Exercise input:
------------------------------

text \<open>Raising \<open>m k\<close> by \<open>lam * e\<close> lowers \<open>opt_value\<close> by \<open>lam * e * pr k\<close> and raises it by at most
  \<open>lam * (exp e - 1) * mean_posterior m k\<close>; minimality and \<open>e \<rightarrow> 0\<close> give the claim.\<close>

lemma prior_le_mean_posterior_at_min:
  assumes min: "\<forall>mu. opt_value N v pr lam sd m \<le> opt_value N v pr lam sd mu" and k: "k \<in> {1..N}"
  shows "pr k \<le> mean_posterior N v lam sd m k"
proof -
  let ?P = "mean_posterior N v lam sd m k"
  have step: "e * pr k \<le> (exp e - 1) * ?P" for e
  proof -
    define m' where "m' = m(k := m k + lam * e)"
    have "log_sum_exp {1..N} (score v lam m' z) \<le> log_sum_exp {1..N} (score v lam m z)
        + (exp e - 1) * softmax {1..N} (score v lam m z) k" for z
      using log_sum_exp_update_le[OF index_set k, of "score v lam m z" e] lam
      by (simp add: m'_def score_update)
    then have "expected_log_sum_exp N v lam sd m' \<le>
        (LINT z|normal_meas sd. log_sum_exp {1..N} (score v lam m z)
          + (exp e - 1) * softmax {1..N} (score v lam m z) k)"
      unfolding expected_log_sum_exp_def
      by (intro integral_mono integrable_log_sum_exp_score Bochner_Integration.integrable_add
          Bochner_Integration.integrable_mult_right integrable_softmax_score[OF k])
    also have "\<dots> = expected_log_sum_exp N v lam sd m + (exp e - 1) * ?P"
      using integrable_log_sum_exp_score integrable_softmax_score[OF k]
      by (simp add: expected_log_sum_exp_def mean_posterior_def)
    finally have "lam * (expected_log_sum_exp N v lam sd m' - expected_log_sum_exp N v lam sd m)
        \<le> lam * ((exp e - 1) * ?P)"
      using lam by (intro mult_left_mono) auto
    moreover have "(\<Sum>n\<in>{1..N}. m' n * pr n)
        = (\<Sum>n\<in>{1..N}. m n * pr n + (if n = k then lam * e * pr k else 0))"
      by (intro sum.cong) (auto simp: m'_def algebra_simps)
    then have "(\<Sum>n\<in>{1..N}. m' n * pr n) = (\<Sum>n\<in>{1..N}. m n * pr n) + lam * e * pr k"
      using k by (simp add: sum.distrib)
    moreover have "opt_value N v pr lam sd m \<le> opt_value N v pr lam sd m'"
      using min by blast
    ultimately have "lam * (e * pr k) \<le> lam * ((exp e - 1) * ?P)"
      by (simp add: opt_value_eq algebra_simps)
    then show ?thesis
      using lam by simp
  qed
  have P: "0 \<le> ?P" "?P \<le> 1"
    using mean_posterior_bounds[OF k] by auto
  have "pr k \<le> 1"
    using member_le_sum[of k "{1..N}" pr] k pr_pos sum_pr by (simp add: less_imp_le)
  show ?thesis
  proof (rule field_le_epsilon)
    fix e :: real
    assume e: "0 < e"
    show "pr k \<le> ?P + e"
    proof (cases "e \<le> 1")
      case True
      have "e * pr k \<le> (exp e - 1) * ?P"
        by (rule step)
      also have "\<dots> \<le> (e + e\<^sup>2) * ?P"
        using exp_bound[of e] e True P by (intro mult_right_mono) auto
      finally have "e * pr k \<le> e * ((1 + e) * ?P)"
        by (simp add: power2_eq_square algebra_simps)
      then have "pr k \<le> (1 + e) * ?P"
        using e by (simp only: mult_le_cancel_left_pos)
      then have "pr k \<le> ?P + e * ?P"
        by (simp add: algebra_simps)
      also have "\<dots> \<le> ?P + e"
        using e P by (simp add: mult_left_le)
      finally show ?thesis .
    qed (use \<open>pr k \<le> 1\<close> P in simp)
  qed
qed

lemma exists_mean_posterior_eq_prior: "\<exists>mu. \<forall>n\<in>{1..N}. mean_posterior N v lam sd mu n = pr n"
proof -
  obtain m where min: "\<forall>mu. opt_value N v pr lam sd m \<le> opt_value N v pr lam sd mu"
    using opt_value_attains_min by blast
  have nonneg: "0 \<le> mean_posterior N v lam sd m n - pr n" if "n \<in> {1..N}" for n
    using prior_le_mean_posterior_at_min[OF min that] by simp
  have "(\<Sum>n\<in>{1..N}. mean_posterior N v lam sd m n - pr n) = 0"
    using sum_mean_posterior sum_pr by (simp add: sum_subtractf)
  then have "\<forall>n\<in>{1..N}. mean_posterior N v lam sd m n - pr n = 0"
    using sum_nonneg_eq_0_iff[OF index_set(1), where f = "\<lambda>n. mean_posterior N v lam sd m n - pr n"]
      nonneg by blast
  then show ?thesis
    by auto
qed

end

theorem proposition5:
  fixes N :: nat and v pr :: "nat \<Rightarrow> real" and lam \<sigma>Z T :: real
  assumes "N \<ge> 2"
    and "inj_on v {1..N}"
    and "\<forall>n\<in>{1..N}. 0 < pr n"
    and "(\<Sum>n\<in>{1..N}. pr n) = 1"
    and "0 < lam" and "0 < \<sigma>Z" and "0 < T"
  shows "\<forall>q. is_density q \<longrightarrow>
    (\<exists>mu.
      \<comment> \<open>(i) Bayes plausibility of the logit posteriors: mu exists, unique up to a common constant\<close>
      (\<forall>mu'. bayes_plausible N pr (opt_post N v lam (\<sigma>Z * sqrt T) mu' q) q
              \<longleftrightarrow> (\<exists>c. \<forall>n\<in>{1..N}. mu' n = mu n + c))
      \<comment> \<open>(i)/(ii) the logit posteriors attain the value, which bounds every feasible structure\<close>
    \<and> objective N v pr lam (\<sigma>Z * sqrt T) (opt_post N v lam (\<sigma>Z * sqrt T) mu q) q
        = opt_value N v pr lam (\<sigma>Z * sqrt T) mu
    \<and> (\<forall>p' q'. signal_structure N v p' q' \<and> bayes_plausible N pr p' q' \<longrightarrow>
         objective N v pr lam (\<sigma>Z * sqrt T) p' q' \<le> opt_value N v pr lam (\<sigma>Z * sqrt T) mu)
      \<comment> \<open>(i) any optimal posterior with signal density q is the logit one (a.e. on the support)\<close>
    \<and> (\<forall>p. signal_structure N v p q \<and> bayes_plausible N pr p q
           \<and> objective N v pr lam (\<sigma>Z * sqrt T) p q = opt_value N v pr lam (\<sigma>Z * sqrt T) mu \<longrightarrow>
         (AE s in lborel. 0 < q s \<longrightarrow>
            (\<forall>n\<in>{1..N}. p n s = opt_post N v lam (\<sigma>Z * sqrt T) mu q n s)))
      \<comment> \<open>(ii) if E[v|s] is strictly increasing, (logit posteriors, q) is a feasible signal structure\<close>
    \<and> (strict_mono_on (supp q) (cond_mean N v (opt_post N v lam (\<sigma>Z * sqrt T) mu q)) \<longrightarrow>
         signal_structure N v (opt_post N v lam (\<sigma>Z * sqrt T) mu q) q)
      \<comment> \<open>(iii) distribution of E[v|s] equals that of the logit mean of z ~ N(0, sigma_Z^2 T)\<close>
    \<and> distr (sig_meas q) borel (cond_mean N v (opt_post N v lam (\<sigma>Z * sqrt T) mu q))
        = distr (normal_meas (\<sigma>Z * sqrt T)) borel (logit_mean N v lam mu))"
proof -
  interpret logit_model_prior N v lam "\<sigma>Z * sqrt T" pr
    using assms by unfold_locales auto
  obtain mu where mu: "\<forall>n\<in>{1..N}. mean_posterior N v lam (\<sigma>Z * sqrt T) mu n = pr n"
    using exists_mean_posterior_eq_prior by blast
  have bp: "bayes_plausible N pr (opt_post N v lam (\<sigma>Z * sqrt T) mu q) q" if "is_density q" for q
    using bayes_plausible_opt_post_iff[OF that] mu by simp
  show ?thesis
    using bp bayes_plausible_opt_post_iff_add_const objective_opt_post weak_duality
      AE_eq_opt_post_if_optimal signal_structure_opt_post distr_cond_mean_opt_post
    by (intro allI impI exI[of _ mu] conjI) blast+
qed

------------------------------

Try it:
Out of the entries above, write out only the lines between the line holding "(\<exists>mu." and the line holding "(\<forall>mu'. bayes_plausible N", inclusive, each exactly as given.

Problem solution:
    (\<exists>mu.
      \<comment> \<open>(i) Bayes plausibility of the logit posteriors: mu exists, unique up to a common constant\<close>
      (\<forall>mu'. bayes_plausible N pr (opt_post N v lam (\<sigma>Z * sqrt T) mu' q) q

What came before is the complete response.